**Try it**
Filter the records for lines holding the string "using".

(Beginning of Data for the task)

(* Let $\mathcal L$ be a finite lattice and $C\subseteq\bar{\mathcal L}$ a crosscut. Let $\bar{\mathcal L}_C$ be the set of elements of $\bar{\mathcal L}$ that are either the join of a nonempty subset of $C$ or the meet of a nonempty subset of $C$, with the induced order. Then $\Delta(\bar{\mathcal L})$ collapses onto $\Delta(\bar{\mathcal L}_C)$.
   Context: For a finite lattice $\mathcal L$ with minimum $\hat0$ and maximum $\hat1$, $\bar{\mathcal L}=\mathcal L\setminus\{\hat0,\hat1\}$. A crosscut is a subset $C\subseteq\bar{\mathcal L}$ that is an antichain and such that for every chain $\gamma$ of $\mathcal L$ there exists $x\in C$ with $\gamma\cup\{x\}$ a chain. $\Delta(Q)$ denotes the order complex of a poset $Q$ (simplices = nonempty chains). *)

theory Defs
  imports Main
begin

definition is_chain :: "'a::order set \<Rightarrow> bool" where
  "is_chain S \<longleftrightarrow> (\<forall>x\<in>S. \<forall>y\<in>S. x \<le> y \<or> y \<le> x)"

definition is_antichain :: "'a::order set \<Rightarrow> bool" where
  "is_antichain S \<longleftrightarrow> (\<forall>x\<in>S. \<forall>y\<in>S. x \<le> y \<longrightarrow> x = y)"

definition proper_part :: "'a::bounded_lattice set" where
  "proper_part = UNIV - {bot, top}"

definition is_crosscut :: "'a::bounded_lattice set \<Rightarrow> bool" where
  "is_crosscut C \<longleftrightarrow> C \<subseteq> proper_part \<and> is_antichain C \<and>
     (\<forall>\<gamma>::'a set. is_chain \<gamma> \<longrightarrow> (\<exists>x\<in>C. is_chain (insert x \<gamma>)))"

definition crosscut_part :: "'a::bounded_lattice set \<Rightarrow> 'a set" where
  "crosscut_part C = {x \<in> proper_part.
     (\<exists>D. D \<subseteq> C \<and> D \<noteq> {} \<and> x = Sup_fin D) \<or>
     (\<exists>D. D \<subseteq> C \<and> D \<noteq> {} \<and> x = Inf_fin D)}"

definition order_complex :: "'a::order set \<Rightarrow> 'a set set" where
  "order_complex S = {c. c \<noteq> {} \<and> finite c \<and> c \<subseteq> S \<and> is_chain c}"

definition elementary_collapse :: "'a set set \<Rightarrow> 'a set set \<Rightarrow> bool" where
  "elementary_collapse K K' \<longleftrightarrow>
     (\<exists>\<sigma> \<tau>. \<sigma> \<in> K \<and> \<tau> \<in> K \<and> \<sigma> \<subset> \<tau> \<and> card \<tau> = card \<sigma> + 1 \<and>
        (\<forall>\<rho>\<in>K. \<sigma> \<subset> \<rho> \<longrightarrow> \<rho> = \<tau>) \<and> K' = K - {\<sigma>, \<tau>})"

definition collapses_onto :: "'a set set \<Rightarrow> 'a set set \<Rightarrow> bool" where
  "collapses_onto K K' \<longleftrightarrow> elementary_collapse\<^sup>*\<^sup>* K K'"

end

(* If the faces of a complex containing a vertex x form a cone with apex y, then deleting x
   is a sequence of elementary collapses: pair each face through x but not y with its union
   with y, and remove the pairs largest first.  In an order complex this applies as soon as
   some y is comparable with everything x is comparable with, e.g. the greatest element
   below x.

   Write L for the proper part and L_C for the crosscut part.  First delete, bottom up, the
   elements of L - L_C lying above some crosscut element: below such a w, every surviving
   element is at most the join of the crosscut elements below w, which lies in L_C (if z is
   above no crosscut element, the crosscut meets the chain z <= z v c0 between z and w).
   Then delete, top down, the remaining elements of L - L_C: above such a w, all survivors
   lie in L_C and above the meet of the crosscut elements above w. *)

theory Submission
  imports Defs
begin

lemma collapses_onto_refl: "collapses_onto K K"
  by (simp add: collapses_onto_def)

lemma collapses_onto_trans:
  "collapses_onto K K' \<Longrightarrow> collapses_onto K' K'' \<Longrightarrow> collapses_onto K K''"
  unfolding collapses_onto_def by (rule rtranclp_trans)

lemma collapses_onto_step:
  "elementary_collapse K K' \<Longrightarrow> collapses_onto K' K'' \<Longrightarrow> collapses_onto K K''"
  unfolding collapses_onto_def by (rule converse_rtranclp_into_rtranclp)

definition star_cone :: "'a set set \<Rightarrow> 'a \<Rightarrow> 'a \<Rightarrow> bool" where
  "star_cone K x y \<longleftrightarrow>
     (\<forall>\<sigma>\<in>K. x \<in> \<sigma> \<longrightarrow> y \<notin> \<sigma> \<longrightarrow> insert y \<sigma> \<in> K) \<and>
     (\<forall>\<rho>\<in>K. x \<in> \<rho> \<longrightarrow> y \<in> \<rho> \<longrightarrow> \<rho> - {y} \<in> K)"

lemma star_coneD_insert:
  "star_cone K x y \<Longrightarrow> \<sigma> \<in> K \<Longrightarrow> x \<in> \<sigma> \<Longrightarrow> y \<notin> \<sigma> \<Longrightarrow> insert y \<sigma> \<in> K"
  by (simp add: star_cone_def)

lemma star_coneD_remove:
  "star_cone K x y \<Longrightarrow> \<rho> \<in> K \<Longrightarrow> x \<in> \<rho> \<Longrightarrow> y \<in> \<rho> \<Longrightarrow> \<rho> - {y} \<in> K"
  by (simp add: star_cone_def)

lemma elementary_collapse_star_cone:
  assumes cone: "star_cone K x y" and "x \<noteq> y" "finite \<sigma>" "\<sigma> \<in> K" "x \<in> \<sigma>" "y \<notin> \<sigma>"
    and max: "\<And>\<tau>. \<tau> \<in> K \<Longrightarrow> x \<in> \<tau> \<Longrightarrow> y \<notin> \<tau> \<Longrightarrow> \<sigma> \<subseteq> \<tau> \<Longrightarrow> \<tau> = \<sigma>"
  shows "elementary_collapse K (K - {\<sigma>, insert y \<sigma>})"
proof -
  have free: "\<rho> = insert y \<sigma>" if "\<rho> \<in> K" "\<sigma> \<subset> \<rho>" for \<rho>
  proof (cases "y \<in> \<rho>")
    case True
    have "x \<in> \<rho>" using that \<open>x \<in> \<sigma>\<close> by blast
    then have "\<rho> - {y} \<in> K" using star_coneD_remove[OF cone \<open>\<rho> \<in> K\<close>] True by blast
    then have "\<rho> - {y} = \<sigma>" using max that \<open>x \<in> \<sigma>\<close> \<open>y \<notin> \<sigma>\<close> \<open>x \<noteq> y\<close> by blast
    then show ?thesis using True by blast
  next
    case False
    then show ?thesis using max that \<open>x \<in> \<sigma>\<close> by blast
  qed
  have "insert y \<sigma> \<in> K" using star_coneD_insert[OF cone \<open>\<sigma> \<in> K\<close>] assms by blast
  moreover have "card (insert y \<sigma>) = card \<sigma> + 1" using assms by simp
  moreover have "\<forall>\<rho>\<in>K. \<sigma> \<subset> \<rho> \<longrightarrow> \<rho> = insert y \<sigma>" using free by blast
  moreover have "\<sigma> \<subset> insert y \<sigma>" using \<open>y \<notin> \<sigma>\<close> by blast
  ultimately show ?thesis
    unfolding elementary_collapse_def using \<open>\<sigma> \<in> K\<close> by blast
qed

(End of Data for the task)

**Result**
    have "x \<in> \<rho>" using that \<open>x \<in> \<sigma>\<close> by blast
    then have "\<rho> - {y} \<in> K" using star_coneD_remove[OF cone \<open>\<rho> \<in> K\<close>] True by blast
    then have "\<rho> - {y} = \<sigma>" using max that \<open>x \<in> \<sigma>\<close> \<open>y \<notin> \<sigma>\<close> \<open>x \<noteq> y\<close> by blast
    then show ?thesis using True by blast
    then show ?thesis using max that \<open>x \<in> \<sigma>\<close> by blast
  have "insert y \<sigma> \<in> K" using star_coneD_insert[OF cone \<open>\<sigma> \<in> K\<close>] assms by blast
  moreover have "card (insert y \<sigma>) = card \<sigma> + 1" using assms by simp
  moreover have "\<forall>\<rho>\<in>K. \<sigma> \<subset> \<rho> \<longrightarrow> \<rho> = insert y \<sigma>" using free by blast
  moreover have "\<sigma> \<subset> insert y \<sigma>" using \<open>y \<notin> \<sigma>\<close> by blast
    unfolding elementary_collapse_def using \<open>\<sigma> \<in> K\<close> by blast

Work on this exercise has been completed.